Prompt: With the line containing "by (rule measurable_component_singleton)" as the starting point, output every line of the data below through its final line, character for character.

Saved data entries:
lemma has_cp_decomp_imp_cp_param:
  assumes T: "T \<in> space (tensor_lebesgue n d m)" and "has_cp_decomp n d m R T"
  shows "\<exists>N. T \<in> cp_param n d m R ` param_cube N"
proof -
  obtain a b c where abc: "\<forall>i<n. \<forall>j<d. \<forall>k<m. T (i, j, k) = (\<Sum>s<R. a s i * b s j * c s k)"
    using assms(2) unfolding has_cp_decomp_def by blast
  define P where "P = {..2 :: nat} \<times> {..<R} \<times> {..<n + d + m}"
  define p where "p y = (if y \<in> P then (case y of (q, s, i) \<Rightarrow>
      if q = 0 then a s i else if q = 1 then b s i else c s i) else 0)" for y
  have "{y. p y \<noteq> 0} \<subseteq> P" by (auto simp: p_def)
  then have "finite {y. p y \<noteq> 0}" by (rule finite_subset) (simp add: P_def)
  then obtain N where "p \<in> param_cube N"
    using finite_support_in_param_cube by blast
  moreover have "cp_param n d m R p = T"
  proof
    fix x
    show "cp_param n d m R p x = T x"
    proof (cases "x \<in> tensor_box n d m")
      case True
      obtain i j k where x: "x = (i, j, k)" by (cases x)
      with True have ijk: "i < n" "j < d" "k < m" by (simp_all add: tensor_box_def)
      then have "p (0, s, i) = a s i" "p (1, s, j) = b s j" "p (2, s, k) = c s k" if "s < R" for s
        using that by (simp_all add: p_def P_def)
      then have "cp_param n d m R p x = (\<Sum>s<R. a s i * b s j * c s k)"
        using True unfolding x by (simp add: cp_param_def)
      then show ?thesis using abc ijk by (simp add: x)
    next
      case False
      then show ?thesis
        using PiE_arb[OF T[unfolded tensor_lebesgue_def space_PiM] False] by (simp add: cp_param_def)
    qed
  qed
  ultimately show ?thesis by blast
qed

lemma has_cp_decomp_cp_param: "has_cp_decomp n d m R (cp_param n d m R p)"
  unfolding has_cp_decomp_def
  by (intro exI[of _ "\<lambda>s i. p (0, s, i)"] exI[of _ "\<lambda>s j. p (1, s, j)"] exI[of _ "\<lambda>s k. p (2, s, k)"])
     (simp add: cp_param_def tensor_box_def)

lemma cp_rank_le_iff_cp_param:
  assumes "T \<in> space (tensor_lebesgue n d m)"
  shows "cp_rank n d m T \<le> R \<longleftrightarrow> (\<exists>N. T \<in> cp_param n d m R ` param_cube N)"
  using has_cp_decomp_imp_cp_param[OF assms] has_cp_decomp_cp_param cp_rank_le_iff by blast

lemma borel_measurable_tensor_lebesgue: "(\<lambda>T. T) \<in> borel_measurable (tensor_lebesgue n d m)"
  unfolding tensor_lebesgue_def
proof (rule measurable_coordinatewise_then_product)
  fix x :: "nat \<times> nat \<times> nat"
  let ?M = "Pi\<^sub>M (tensor_box n d m) (\<lambda>_. lborel :: real measure)"
  show "(\<lambda>T. T x) \<in> borel_measurable ?M"
  proof (cases "x \<in> tensor_box n d m")
    case True
    then have "(\<lambda>T. T x) \<in> measurable ?M lborel"
      by (rule measurable_component_singleton)
    then show ?thesis by (simp only: measurable_lborel1)
  next
    case False
    have "T x = undefined" if "T \<in> space ?M" for T
      using that False unfolding space_PiM by (rule PiE_arb)
    then have "(\<lambda>T. T x) \<in> borel_measurable ?M \<longleftrightarrow> (\<lambda>_. undefined :: real) \<in> borel_measurable ?M"
      by (rule measurable_cong)
    then show ?thesis by simp
  qed
qed

lemma sets_cp_rank_le: "{T \<in> space (tensor_lebesgue n d m). cp_rank n d m T \<le> R} \<in> sets (tensor_lebesgue n d m)"
proof -
  let ?M = "tensor_lebesgue n d m" and ?F = "\<Union>N. cp_param n d m R ` param_cube N"
  have "?F \<in> sets borel"
    by (rule sets.countable_UN) (use closed_cp_param_image borel_closed in blast)
  then have "(\<lambda>T. T) -` ?F \<inter> space ?M \<in> sets ?M"
    by (rule measurable_sets[OF borel_measurable_tensor_lebesgue])
  moreover have "(\<lambda>T. T) -` ?F \<inter> space ?M = {T \<in> space ?M. cp_rank n d m T \<le> R}"
  proof (rule Set.set_eqI)
    fix T
    show "T \<in> (\<lambda>T. T) -` ?F \<inter> space ?M \<longleftrightarrow> T \<in> {T \<in> space ?M. cp_rank n d m T \<le> R}"
      by (cases "T \<in> space ?M") (simp_all add: cp_rank_le_iff_cp_param)
  qed
  ultimately show ?thesis by simp
qed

Exercise output:
      by (rule measurable_component_singleton)
    then show ?thesis by (simp only: measurable_lborel1)
  next
    case False
    have "T x = undefined" if "T \<in> space ?M" for T
      using that False unfolding space_PiM by (rule PiE_arb)
    then have "(\<lambda>T. T x) \<in> borel_measurable ?M \<longleftrightarrow> (\<lambda>_. undefined :: real) \<in> borel_measurable ?M"
      by (rule measurable_cong)
    then show ?thesis by simp
  qed
qed

lemma sets_cp_rank_le: "{T \<in> space (tensor_lebesgue n d m). cp_rank n d m T \<le> R} \<in> sets (tensor_lebesgue n d m)"
proof -
  let ?M = "tensor_lebesgue n d m" and ?F = "\<Union>N. cp_param n d m R ` param_cube N"
  have "?F \<in> sets borel"
    by (rule sets.countable_UN) (use closed_cp_param_image borel_closed in blast)
  then have "(\<lambda>T. T) -` ?F \<inter> space ?M \<in> sets ?M"
    by (rule measurable_sets[OF borel_measurable_tensor_lebesgue])
  moreover have "(\<lambda>T. T) -` ?F \<inter> space ?M = {T \<in> space ?M. cp_rank n d m T \<le> R}"
  proof (rule Set.set_eqI)
    fix T
    show "T \<in> (\<lambda>T. T) -` ?F \<inter> space ?M \<longleftrightarrow> T \<in> {T \<in> space ?M. cp_rank n d m T \<le> R}"
      by (cases "T \<in> space ?M") (simp_all add: cp_rank_le_iff_cp_param)
  qed
  ultimately show ?thesis by simp
qed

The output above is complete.